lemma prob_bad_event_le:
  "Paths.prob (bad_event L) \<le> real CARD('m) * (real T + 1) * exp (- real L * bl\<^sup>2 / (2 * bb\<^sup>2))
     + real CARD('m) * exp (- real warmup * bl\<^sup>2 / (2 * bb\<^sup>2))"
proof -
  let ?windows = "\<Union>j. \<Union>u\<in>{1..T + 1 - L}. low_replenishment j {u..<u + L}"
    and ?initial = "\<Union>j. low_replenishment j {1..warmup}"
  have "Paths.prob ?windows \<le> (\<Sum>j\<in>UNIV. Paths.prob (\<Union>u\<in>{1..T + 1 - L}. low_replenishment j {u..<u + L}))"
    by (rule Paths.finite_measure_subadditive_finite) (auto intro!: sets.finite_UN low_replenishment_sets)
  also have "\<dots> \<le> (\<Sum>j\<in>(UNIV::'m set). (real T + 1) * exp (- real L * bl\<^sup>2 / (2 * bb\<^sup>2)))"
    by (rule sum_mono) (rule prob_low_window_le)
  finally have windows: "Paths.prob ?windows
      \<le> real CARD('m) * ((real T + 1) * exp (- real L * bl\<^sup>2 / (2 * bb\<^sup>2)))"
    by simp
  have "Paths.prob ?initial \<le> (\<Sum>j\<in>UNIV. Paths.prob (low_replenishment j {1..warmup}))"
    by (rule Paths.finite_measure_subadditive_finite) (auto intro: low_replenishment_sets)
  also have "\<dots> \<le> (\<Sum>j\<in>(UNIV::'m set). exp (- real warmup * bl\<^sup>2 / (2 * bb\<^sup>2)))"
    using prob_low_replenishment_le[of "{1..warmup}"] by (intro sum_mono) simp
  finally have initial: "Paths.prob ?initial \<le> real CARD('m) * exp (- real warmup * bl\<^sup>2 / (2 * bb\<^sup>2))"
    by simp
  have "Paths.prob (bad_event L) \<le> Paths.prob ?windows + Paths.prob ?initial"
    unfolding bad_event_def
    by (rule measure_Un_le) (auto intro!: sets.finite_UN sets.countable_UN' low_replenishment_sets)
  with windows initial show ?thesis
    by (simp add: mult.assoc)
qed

○ ○ ○ ○ ○

What needs to be done ▸
Would you copy every line of the entries that includes the word "also"?

Exercise answer ▸
  also have "\<dots> \<le> (\<Sum>j\<in>(UNIV::'m set). (real T + 1) * exp (- real L * bl\<^sup>2 / (2 * bb\<^sup>2)))"
  also have "\<dots> \<le> (\<Sum>j\<in>(UNIV::'m set). exp (- real warmup * bl\<^sup>2 / (2 * bb\<^sup>2)))"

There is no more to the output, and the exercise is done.